DATA TO USE:
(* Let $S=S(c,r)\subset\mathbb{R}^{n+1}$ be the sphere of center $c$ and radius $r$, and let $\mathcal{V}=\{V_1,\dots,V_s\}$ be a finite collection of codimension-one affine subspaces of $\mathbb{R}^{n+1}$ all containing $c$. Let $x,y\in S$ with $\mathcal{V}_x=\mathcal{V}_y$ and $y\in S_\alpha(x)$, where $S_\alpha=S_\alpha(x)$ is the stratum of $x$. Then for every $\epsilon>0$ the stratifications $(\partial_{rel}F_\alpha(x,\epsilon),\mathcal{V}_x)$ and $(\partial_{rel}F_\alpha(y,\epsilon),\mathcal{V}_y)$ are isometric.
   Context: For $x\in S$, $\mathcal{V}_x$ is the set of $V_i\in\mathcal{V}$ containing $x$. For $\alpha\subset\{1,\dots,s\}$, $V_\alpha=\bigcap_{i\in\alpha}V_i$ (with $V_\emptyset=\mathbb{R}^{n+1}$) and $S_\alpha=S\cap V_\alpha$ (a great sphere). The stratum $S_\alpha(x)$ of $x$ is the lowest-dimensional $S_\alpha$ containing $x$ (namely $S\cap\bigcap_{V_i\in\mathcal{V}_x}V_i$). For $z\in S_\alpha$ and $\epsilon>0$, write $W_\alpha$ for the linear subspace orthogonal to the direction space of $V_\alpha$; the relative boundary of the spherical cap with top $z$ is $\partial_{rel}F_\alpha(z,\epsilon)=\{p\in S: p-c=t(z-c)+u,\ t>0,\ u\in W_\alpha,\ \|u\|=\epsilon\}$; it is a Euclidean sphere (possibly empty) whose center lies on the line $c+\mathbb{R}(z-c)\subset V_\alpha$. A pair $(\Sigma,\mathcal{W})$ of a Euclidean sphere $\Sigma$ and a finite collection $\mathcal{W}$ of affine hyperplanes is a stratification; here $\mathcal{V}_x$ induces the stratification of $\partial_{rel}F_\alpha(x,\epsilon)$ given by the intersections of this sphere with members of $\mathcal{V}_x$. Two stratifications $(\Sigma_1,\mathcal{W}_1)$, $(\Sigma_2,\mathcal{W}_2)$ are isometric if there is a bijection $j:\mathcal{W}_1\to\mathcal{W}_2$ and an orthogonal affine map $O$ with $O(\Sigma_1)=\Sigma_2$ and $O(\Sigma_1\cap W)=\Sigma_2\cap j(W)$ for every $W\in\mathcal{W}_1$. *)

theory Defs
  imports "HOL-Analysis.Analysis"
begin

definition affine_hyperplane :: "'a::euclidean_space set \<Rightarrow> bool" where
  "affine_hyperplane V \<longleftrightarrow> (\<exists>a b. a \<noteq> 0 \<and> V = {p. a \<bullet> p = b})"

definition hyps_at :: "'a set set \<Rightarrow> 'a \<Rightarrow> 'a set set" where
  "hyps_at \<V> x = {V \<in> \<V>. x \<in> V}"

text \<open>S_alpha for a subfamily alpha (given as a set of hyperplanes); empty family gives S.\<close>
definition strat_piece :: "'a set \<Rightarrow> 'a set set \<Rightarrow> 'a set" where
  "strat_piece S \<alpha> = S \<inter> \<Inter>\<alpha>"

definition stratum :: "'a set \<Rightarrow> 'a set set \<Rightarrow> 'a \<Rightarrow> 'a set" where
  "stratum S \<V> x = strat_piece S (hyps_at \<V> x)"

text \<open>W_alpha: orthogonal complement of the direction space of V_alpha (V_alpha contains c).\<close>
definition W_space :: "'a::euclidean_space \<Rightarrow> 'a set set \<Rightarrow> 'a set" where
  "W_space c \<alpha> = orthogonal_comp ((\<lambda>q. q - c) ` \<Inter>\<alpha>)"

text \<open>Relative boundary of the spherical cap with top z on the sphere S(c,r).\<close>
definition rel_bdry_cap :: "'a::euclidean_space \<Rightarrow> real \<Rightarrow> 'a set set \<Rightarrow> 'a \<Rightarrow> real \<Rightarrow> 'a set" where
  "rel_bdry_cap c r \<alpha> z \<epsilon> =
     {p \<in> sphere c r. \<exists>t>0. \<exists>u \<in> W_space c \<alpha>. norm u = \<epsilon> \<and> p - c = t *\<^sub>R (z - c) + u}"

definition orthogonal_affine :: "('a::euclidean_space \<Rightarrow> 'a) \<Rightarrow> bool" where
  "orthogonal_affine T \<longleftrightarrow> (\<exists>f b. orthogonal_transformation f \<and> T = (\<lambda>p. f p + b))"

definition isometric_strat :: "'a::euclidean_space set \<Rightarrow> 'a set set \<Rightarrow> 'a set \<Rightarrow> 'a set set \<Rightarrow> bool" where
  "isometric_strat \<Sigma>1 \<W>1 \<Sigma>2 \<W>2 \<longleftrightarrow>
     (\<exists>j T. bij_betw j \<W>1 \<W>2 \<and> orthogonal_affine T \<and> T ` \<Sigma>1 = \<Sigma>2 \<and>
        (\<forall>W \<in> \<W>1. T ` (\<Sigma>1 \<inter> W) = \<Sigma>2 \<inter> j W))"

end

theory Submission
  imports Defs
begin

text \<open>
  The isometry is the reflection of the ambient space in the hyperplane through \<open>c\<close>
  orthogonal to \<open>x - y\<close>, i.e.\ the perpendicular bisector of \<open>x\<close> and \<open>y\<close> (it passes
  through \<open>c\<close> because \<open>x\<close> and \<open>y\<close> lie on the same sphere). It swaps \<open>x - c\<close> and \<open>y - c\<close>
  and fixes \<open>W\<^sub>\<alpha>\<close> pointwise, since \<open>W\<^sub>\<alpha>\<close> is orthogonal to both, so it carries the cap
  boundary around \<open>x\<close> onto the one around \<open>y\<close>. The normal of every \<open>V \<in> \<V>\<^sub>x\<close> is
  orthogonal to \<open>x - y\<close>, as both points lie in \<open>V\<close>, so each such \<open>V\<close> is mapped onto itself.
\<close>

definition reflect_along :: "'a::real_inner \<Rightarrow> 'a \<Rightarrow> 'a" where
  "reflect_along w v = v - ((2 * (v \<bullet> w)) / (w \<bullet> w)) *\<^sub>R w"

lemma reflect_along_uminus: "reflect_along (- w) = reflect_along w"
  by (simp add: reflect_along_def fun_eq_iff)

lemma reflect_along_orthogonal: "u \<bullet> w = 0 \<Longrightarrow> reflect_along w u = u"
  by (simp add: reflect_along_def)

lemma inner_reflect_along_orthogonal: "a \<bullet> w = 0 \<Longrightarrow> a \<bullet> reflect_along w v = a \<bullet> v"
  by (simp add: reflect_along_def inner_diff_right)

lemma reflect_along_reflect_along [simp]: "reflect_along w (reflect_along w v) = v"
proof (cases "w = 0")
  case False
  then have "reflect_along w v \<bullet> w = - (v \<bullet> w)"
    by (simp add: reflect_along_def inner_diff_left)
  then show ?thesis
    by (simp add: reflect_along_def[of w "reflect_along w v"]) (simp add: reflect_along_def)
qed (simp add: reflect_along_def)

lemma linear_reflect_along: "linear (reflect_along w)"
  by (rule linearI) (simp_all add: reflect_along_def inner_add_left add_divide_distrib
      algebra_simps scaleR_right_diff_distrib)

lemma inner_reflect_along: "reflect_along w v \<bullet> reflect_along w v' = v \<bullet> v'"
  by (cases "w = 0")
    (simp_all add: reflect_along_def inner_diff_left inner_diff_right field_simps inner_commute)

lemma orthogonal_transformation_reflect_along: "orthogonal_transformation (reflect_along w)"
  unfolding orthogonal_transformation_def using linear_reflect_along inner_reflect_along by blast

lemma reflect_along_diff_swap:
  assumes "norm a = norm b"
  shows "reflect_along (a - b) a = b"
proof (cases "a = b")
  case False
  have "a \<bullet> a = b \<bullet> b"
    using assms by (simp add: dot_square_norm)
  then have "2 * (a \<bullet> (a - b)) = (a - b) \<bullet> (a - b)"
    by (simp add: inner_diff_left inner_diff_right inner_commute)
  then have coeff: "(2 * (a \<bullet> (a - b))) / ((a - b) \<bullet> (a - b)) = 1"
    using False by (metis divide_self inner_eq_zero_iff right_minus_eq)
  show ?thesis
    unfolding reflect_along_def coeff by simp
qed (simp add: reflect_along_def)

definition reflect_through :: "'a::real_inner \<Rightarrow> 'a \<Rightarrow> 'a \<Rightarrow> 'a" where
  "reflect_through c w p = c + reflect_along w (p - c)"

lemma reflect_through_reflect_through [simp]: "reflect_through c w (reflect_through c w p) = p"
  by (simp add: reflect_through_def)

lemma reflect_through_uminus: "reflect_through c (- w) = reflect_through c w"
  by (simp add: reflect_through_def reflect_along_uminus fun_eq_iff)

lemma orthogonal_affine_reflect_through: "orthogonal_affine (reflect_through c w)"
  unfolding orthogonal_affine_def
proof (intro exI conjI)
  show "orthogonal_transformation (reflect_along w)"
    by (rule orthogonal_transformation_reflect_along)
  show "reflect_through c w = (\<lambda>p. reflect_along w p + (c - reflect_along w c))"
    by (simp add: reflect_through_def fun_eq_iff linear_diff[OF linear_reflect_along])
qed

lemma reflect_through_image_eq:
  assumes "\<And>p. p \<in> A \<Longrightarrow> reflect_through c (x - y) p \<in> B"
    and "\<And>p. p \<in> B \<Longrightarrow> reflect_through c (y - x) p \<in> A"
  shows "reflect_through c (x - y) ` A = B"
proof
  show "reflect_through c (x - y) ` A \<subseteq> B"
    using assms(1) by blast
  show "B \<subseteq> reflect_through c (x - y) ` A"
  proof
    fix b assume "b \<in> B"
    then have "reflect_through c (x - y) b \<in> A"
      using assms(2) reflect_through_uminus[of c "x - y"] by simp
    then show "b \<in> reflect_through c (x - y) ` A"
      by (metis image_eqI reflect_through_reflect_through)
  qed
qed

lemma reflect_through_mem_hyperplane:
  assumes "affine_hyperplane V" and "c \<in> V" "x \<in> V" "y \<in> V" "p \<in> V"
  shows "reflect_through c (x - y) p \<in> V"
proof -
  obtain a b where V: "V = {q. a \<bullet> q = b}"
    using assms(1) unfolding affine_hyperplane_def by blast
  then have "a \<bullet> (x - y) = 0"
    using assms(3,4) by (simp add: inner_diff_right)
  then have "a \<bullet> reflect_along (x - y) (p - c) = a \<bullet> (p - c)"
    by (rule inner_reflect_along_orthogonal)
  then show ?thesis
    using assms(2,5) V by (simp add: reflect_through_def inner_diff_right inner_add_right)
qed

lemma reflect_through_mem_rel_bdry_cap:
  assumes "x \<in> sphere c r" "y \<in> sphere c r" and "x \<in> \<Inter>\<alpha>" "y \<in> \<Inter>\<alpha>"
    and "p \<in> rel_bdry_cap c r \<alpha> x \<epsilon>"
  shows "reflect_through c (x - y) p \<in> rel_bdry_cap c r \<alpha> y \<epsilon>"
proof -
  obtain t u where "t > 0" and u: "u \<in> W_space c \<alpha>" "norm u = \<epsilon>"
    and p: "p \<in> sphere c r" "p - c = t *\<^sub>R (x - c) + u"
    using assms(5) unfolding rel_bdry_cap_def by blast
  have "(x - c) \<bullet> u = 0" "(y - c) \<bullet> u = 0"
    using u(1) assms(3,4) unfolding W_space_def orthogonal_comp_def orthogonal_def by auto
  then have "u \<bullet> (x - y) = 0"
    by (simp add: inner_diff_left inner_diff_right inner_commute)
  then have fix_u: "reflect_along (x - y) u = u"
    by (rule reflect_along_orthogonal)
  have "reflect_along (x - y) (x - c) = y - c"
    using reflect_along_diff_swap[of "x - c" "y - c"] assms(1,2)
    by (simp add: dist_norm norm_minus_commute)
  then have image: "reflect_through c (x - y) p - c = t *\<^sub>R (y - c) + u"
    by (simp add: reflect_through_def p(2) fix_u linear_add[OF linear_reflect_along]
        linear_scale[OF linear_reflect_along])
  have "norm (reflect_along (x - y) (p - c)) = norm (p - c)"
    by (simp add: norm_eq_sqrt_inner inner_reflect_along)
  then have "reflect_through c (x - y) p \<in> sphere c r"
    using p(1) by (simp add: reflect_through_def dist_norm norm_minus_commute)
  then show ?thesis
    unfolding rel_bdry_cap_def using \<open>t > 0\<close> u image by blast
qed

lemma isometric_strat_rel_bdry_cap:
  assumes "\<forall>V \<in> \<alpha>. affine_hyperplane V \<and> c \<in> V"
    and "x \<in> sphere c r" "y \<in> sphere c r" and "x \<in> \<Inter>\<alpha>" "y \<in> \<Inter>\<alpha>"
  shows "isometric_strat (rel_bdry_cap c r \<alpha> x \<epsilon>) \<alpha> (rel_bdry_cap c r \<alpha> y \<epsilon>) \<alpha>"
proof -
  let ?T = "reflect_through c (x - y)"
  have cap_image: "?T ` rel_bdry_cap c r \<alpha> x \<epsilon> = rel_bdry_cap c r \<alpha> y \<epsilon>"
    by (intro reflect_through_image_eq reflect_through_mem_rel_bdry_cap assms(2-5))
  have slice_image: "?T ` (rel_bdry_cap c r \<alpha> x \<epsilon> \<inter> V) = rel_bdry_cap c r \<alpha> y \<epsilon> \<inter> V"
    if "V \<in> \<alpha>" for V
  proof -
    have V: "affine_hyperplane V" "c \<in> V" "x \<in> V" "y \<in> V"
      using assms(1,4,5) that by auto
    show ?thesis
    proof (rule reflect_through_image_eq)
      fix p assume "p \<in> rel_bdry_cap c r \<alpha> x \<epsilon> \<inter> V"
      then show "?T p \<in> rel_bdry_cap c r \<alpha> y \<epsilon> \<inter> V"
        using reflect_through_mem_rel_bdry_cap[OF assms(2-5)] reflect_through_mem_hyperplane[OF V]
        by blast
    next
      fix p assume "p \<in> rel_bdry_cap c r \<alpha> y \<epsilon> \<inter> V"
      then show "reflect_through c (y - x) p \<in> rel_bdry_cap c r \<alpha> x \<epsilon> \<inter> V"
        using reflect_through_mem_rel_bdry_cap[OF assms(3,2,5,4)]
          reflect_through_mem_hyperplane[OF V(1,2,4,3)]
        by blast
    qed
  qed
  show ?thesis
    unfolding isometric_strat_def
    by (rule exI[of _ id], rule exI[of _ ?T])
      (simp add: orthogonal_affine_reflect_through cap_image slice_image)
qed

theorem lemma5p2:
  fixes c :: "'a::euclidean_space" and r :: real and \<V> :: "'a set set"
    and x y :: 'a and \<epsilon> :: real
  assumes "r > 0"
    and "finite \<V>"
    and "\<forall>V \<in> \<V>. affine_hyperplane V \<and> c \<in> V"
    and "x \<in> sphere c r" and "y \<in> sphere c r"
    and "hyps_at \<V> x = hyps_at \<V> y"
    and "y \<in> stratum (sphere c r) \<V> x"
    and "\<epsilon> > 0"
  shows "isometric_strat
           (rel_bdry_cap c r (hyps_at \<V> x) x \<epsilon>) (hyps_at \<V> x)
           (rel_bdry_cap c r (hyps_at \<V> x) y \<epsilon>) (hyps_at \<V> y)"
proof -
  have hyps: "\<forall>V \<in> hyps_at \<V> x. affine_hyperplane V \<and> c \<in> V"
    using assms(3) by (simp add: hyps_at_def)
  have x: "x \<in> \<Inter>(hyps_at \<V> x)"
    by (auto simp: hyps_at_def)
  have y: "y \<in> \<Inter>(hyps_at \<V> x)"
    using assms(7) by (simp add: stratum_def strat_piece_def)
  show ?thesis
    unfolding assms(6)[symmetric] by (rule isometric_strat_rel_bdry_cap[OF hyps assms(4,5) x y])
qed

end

WORK ORDER: Copy the stretch of the records above that runs from the line with "w) = reflect_along" through the line with "0 \<Longrightarrow> a". Both end lines belong in the copy, and nothing else does.

REPLY:
lemma reflect_along_uminus: "reflect_along (- w) = reflect_along w"
  by (simp add: reflect_along_def fun_eq_iff)

lemma reflect_along_orthogonal: "u \<bullet> w = 0 \<Longrightarrow> reflect_along w u = u"
  by (simp add: reflect_along_def)

lemma inner_reflect_along_orthogonal: "a \<bullet> w = 0 \<Longrightarrow> a \<bullet> reflect_along w v = a \<bullet> v"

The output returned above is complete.